Памяти Геннадия Михайловича
Опоркова, Главного режиссёра
Ленинградского Ленкома,
поведавшего эту историю,
легшую в основу рассказа.
Вера-Санна работала санитаркой в городской больнице. Большая, грузная с зычным голосом, она, казалось, заполняла все пространство в отделении. Когда она приходила утром на работу, просыпался даже "мертвый".
Отделение оживало,ночные сестры стряхивали с себя остатки ночного сна, старушки, которых "забывали" забрать родственники или которым негде было жить, опорожняли судна и утки больных, хватались за швабры, мыли, вытирали, застилали, так что Вера-Санна, как генерал, обходя территорию, грозно на них посматривала и ее "Так-так" разносилось по палатам, приводя в трепет старух.
Они жили здесь неделями, помогали чем могли, разносили еду и кормили лежачих, изо всех сил стараясь быть полезными.
Врачи смотрели на это сквозь пальцы, санитарок не хватало, жалкие деньги и тяжелая работа не прельщали, и желающих было мало. Те, что приходили, не задерживались.Только Вера-Санна работала здесь еще с девичьих лет и чувствовала себя в отделении хозяйкой.
Старушки и любили ее, и боялись. Попадая сюда по болезни, некоторые, подлечившись, старались остаться подольше, жаловались врачу на хворь, боли, помогали больным и старух держали сколько могли. Их выписывали, но через какое-то время они снова появлялись, виновато глядя на Веру-Санну. Хвори у них хватало.
Наблюдая, как какая-нибудь окрепшая старушка бодренько семенит по коридору неся утку, Вера-Санна громко заявляла:
- Петровна, завтра на выписку, врач сказал!
Старушка бежала к своей кровати, как к крепости, ложилась, стонала, закатывала глаза, так что назавтра она была совершенно больной и протягивала здесь еще недельку - другую.
Однажды зимой выписавшуюся старушку нашли водопроводчики на чердаке больницы. Иссохшая, она полусидела, прислонившись к печной трубе и ее скромный узелок с пожитками был изъеден крысами.
Этот случай с бездомной старались замалчивать, но тайна передавалась больными из уст в уста а Вера-Санна стала мягче к своим невостребованным больным и, по распоряжению заведующего отделением, старушек стали развозить по домам на "скорой", для уверенности.
Сегодня Вера-Санна шла, тяжело шлепая, по коридору и старушки прятались по своим палатам, стараясь не попадаться ей на глаза. Дело к обеду, как раз время решения - кто на этот раз?
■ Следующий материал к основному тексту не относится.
lemma bellman_op_fixpoint_unique:
  assumes "stochastic \<pi>" "bellman_op \<pi> Q = Q" "bellman_op \<pi> Q' = Q'"
  shows "Q = Q'"
proof (intro ext order.antisym)
  fix s a
  show "Q s a \<le> Q' s a"
    by (rule bellman_op_comparison[OF assms(1) _ assms(3)]) (simp add: assms(2))
  show "Q' s a \<le> Q s a"
    by (rule bellman_op_comparison[OF assms(1) _ assms(2)]) (simp add: assms(3))
qed

lemma policy_improvement:
  assumes "stochastic \<pi>'" and Q: "bellman_op \<pi> Q = Q" and Q': "bellman_op \<pi>' Q' = Q'"
    and improves: "\<And>s. (\<Sum>a\<in>UNIV. \<pi> s a * Q s a) \<le> (\<Sum>a\<in>UNIV. \<pi>' s a * Q s a)"
  shows "Q s a \<le> Q' s a"
proof (rule bellman_op_comparison[OF assms(1) _ Q'])
  fix s a
  have "Q s a = bellman_op \<pi> Q s a" using Q by simp
  also have "\<dots> \<le> bellman_op \<pi>' Q s a"
    unfolding bellman_op_def using improves discount(1)
    by (intro F_mono mult_left_mono) auto
  finally show "Q s a \<le> bellman_op \<pi>' Q s a" .
qed

end

lemma measurable_reward_plus:
  assumes "sets M = sets (borel \<Otimes>\<^sub>M count_space (UNIV::'s set))"
  shows "(\<lambda>(r::real, s'::'s). r + g s') \<in> borel_measurable M"
  unfolding measurable_cong_sets[OF assms refl]
  by measurable (rule measurable_compose[OF measurable_snd], simp)

context
  fixes M :: "(real \<times> 's) measure" and R
  assumes coherent: "coherent_risk M R"
    and sets_M: "sets M = sets (borel \<Otimes>\<^sub>M count_space (UNIV::'s set))"
begin

lemma coherent_risk_reward_plus_mono:
  assumes "\<And>x. g x \<le> h x"
  shows "R (\<lambda>(r, s'). r + g s') \<le> R (\<lambda>(r, s'). r + h s')"
  using coherent measurable_reward_plus[OF sets_M, of g] measurable_reward_plus[OF sets_M, of h] assms
  unfolding coherent_risk_def by (auto split: prod.splits)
- Семеновна,готовься, выписываем, - приговор вынесен и две оставшиеся в отделении старушки счастливо вздохнули.
Семеновна была больна тяжелой болезнью, о которой врачи больным не говорили. Ей делали уколы, боль уходила и Семеновна старалась подольше здесь пробыть, щадя семью от своего присутствия, невольных стонов и тесноты.
Семья жила в комнате большой коммуналки, которую получил когда-то ее муж, Петр, токарь Балтийского завода. Ради плана он часто оставался работать после смены, был из тех, кто любил свое дело.
Когда они с Катей получили эту комнату и переехали из общежития, счастию не было конца.
Их первенец, Ваня, родился уже здесь, в "хороших условиях". Катя тоже работала на заводе, но, как неквалифицированному специалисту, ей ничего "не светило". Она устроилась на завод сразу после семилетки сначала курьером, а потом перешла в цех. Как сироте, ей дали общежитие, где они с Петей и поженились.
У Кати был кроткий, покладистый характер и, несмотря на детдомовское детство, сохранила врожденную мягкость и деликатность. Детей своих, Ваню и Петю, она очень любила, была с ними добра и заботлива.
Однажды бог дал ей счастье не работать целый месяц, а не две недели положенного отпуска, и Катя провела его вместе с детьми в деревне. Повезло!
У Петиного начальника родители уехали отдыхать на самое Черное море и надо было кому-то следить за живностью: козой, курами да собакой.
Катя удивлялась простору избы, радовалась двору, траве, ветру, бабочкам, комарам и мухам, как будто этого никогда не знала в жизни.
Она пела, бегала босой вместе с детьми по полю, а сельская работа была ей в радость.
Петр приезжал на электричке по субботам и они втроем шли встречать его на станцию.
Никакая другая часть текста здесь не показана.